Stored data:

+ + + + + + +

theorem theorem5:
  fixes N :: nat and c rho1 rho2 pmin :: "nat \<Rightarrow> real" and pg :: real
  assumes c_pos: "\<forall>l<N. c l > 0"
    and rho1_pos: "\<forall>l<N. rho1 l > 0"
    and rho2_pos: "\<forall>l<N. rho2 l > 0"
    and pmin_range: "\<forall>l<N. 0 < pmin l \<and> pmin l < 1"
    and pg_range: "0 < pg" "pg < 1"
    and pg_le: "\<forall>j<N. pg \<le> pmin j"
    and cond: "\<forall>l<N. (real N - 1) * (1 - pg) powr (real N - 2)
                       / (exp (rho2 l) * (alpha c rho1 l + 1)) < 1"
  shows "\<exists>!PNE. nash_equilibrium N c rho1 rho2 pmin PNE \<and>
           (\<forall>P1 \<in> strategy_space N pmin.
              (\<lambda>t. (best_response N c rho1 rho2 pmin ^^ t) P1) \<longlonglongrightarrow> PNE)"
proof -
  let ?S = "strategy_space N pmin" and ?f = "best_response N c rho1 rho2 pmin"
  have alpha_pos: "\<forall>l<N. alpha c rho1 l > 0"
    using c_pos rho1_pos by (simp add: alpha_def)
  have pmin_nonneg: "\<forall>l<N. 0 \<le> pmin l" and pmin_le: "\<forall>l<N. pmin l \<le> 1"
    using pmin_range by (simp_all add: less_imp_le)
  have "\<forall>l<N. (real N - 1) * (1 - pg) ^ (N - 2) / (exp (rho2 l) * (alpha c rho1 l + 1)) < 1"
    using cond pg_range powr_eq_power_diff_2[of "1 - pg" N] by auto
  then obtain k where k: "0 \<le> k" "k < 1"
    and k_bound: "\<forall>l<N. (real N - 1) * (1 - pg) ^ (N - 2) / (exp (rho2 l) * (alpha c rho1 l + 1)) \<le> k"
    by (rule uniform_bound_below_one)
  have "\<exists>!L. (L \<in> ?S \<and> ?f L = L) \<and> (\<forall>P\<in>?S. (\<lambda>t. (?f ^^ t) P) \<longlonglongrightarrow> L)"
  proof (rule contraction_unique_attracting_fixpoint[where D = 1, OF _ _ _ _ _ k])
    show "?S \<noteq> {}"
      using pmin_le by (rule strategy_space_nonempty)
    show "?f ` ?S \<subseteq> ?S"
      using alpha_pos pmin_le by (auto intro: best_response_in_strategy_space)
    show "L \<in> ?S" if "\<And>t. X t \<in> ?S" "\<And>i. (\<lambda>t. X t i) \<longlonglongrightarrow> L i" for X L
      using that by (rule strategy_space_closed)
    show "\<bar>P i - Q i\<bar> \<le> 1" if "P \<in> ?S" "Q \<in> ?S" for P Q i
      using pmin_nonneg that by (rule strategy_space_diameter)
    show "\<bar>?f P i - ?f Q i\<bar> \<le> k * d" if "P \<in> ?S" "Q \<in> ?S" "\<And>j. \<bar>P j - Q j\<bar> \<le> d" for P Q d i
      using alpha_pos pmin_le pg_range(2) pg_le k(1) k_bound that by (rule best_response_contraction)
  qed
  then show ?thesis
    unfolding nash_equilibrium_def .
qed

end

+ + + + + + +

__PROBLEM DESCRIPTION__
Provide a faithful, complete copy of the entries above.

__RESPONSE TO THIS EXERCISE__
theorem theorem5:
  fixes N :: nat and c rho1 rho2 pmin :: "nat \<Rightarrow> real" and pg :: real
  assumes c_pos: "\<forall>l<N. c l > 0"
    and rho1_pos: "\<forall>l<N. rho1 l > 0"
    and rho2_pos: "\<forall>l<N. rho2 l > 0"
    and pmin_range: "\<forall>l<N. 0 < pmin l \<and> pmin l < 1"
    and pg_range: "0 < pg" "pg < 1"
    and pg_le: "\<forall>j<N. pg \<le> pmin j"
    and cond: "\<forall>l<N. (real N - 1) * (1 - pg) powr (real N - 2)
                       / (exp (rho2 l) * (alpha c rho1 l + 1)) < 1"
  shows "\<exists>!PNE. nash_equilibrium N c rho1 rho2 pmin PNE \<and>
           (\<forall>P1 \<in> strategy_space N pmin.
              (\<lambda>t. (best_response N c rho1 rho2 pmin ^^ t) P1) \<longlonglongrightarrow> PNE)"
proof -
  let ?S = "strategy_space N pmin" and ?f = "best_response N c rho1 rho2 pmin"
  have alpha_pos: "\<forall>l<N. alpha c rho1 l > 0"
    using c_pos rho1_pos by (simp add: alpha_def)
  have pmin_nonneg: "\<forall>l<N. 0 \<le> pmin l" and pmin_le: "\<forall>l<N. pmin l \<le> 1"
    using pmin_range by (simp_all add: less_imp_le)
  have "\<forall>l<N. (real N - 1) * (1 - pg) ^ (N - 2) / (exp (rho2 l) * (alpha c rho1 l + 1)) < 1"
    using cond pg_range powr_eq_power_diff_2[of "1 - pg" N] by auto
  then obtain k where k: "0 \<le> k" "k < 1"
    and k_bound: "\<forall>l<N. (real N - 1) * (1 - pg) ^ (N - 2) / (exp (rho2 l) * (alpha c rho1 l + 1)) \<le> k"
    by (rule uniform_bound_below_one)
  have "\<exists>!L. (L \<in> ?S \<and> ?f L = L) \<and> (\<forall>P\<in>?S. (\<lambda>t. (?f ^^ t) P) \<longlonglongrightarrow> L)"
  proof (rule contraction_unique_attracting_fixpoint[where D = 1, OF _ _ _ _ _ k])
    show "?S \<noteq> {}"
      using pmin_le by (rule strategy_space_nonempty)
    show "?f ` ?S \<subseteq> ?S"
      using alpha_pos pmin_le by (auto intro: best_response_in_strategy_space)
    show "L \<in> ?S" if "\<And>t. X t \<in> ?S" "\<And>i. (\<lambda>t. X t i) \<longlonglongrightarrow> L i" for X L
      using that by (rule strategy_space_closed)
    show "\<bar>P i - Q i\<bar> \<le> 1" if "P \<in> ?S" "Q \<in> ?S" for P Q i
      using pmin_nonneg that by (rule strategy_space_diameter)
    show "\<bar>?f P i - ?f Q i\<bar> \<le> k * d" if "P \<in> ?S" "Q \<in> ?S" "\<And>j. \<bar>P j - Q j\<bar> \<le> d" for P Q d i
      using alpha_pos pmin_le pg_range(2) pg_le k(1) k_bound that by (rule best_response_contraction)
  qed
  then show ?thesis
    unfolding nash_equilibrium_def .
qed

end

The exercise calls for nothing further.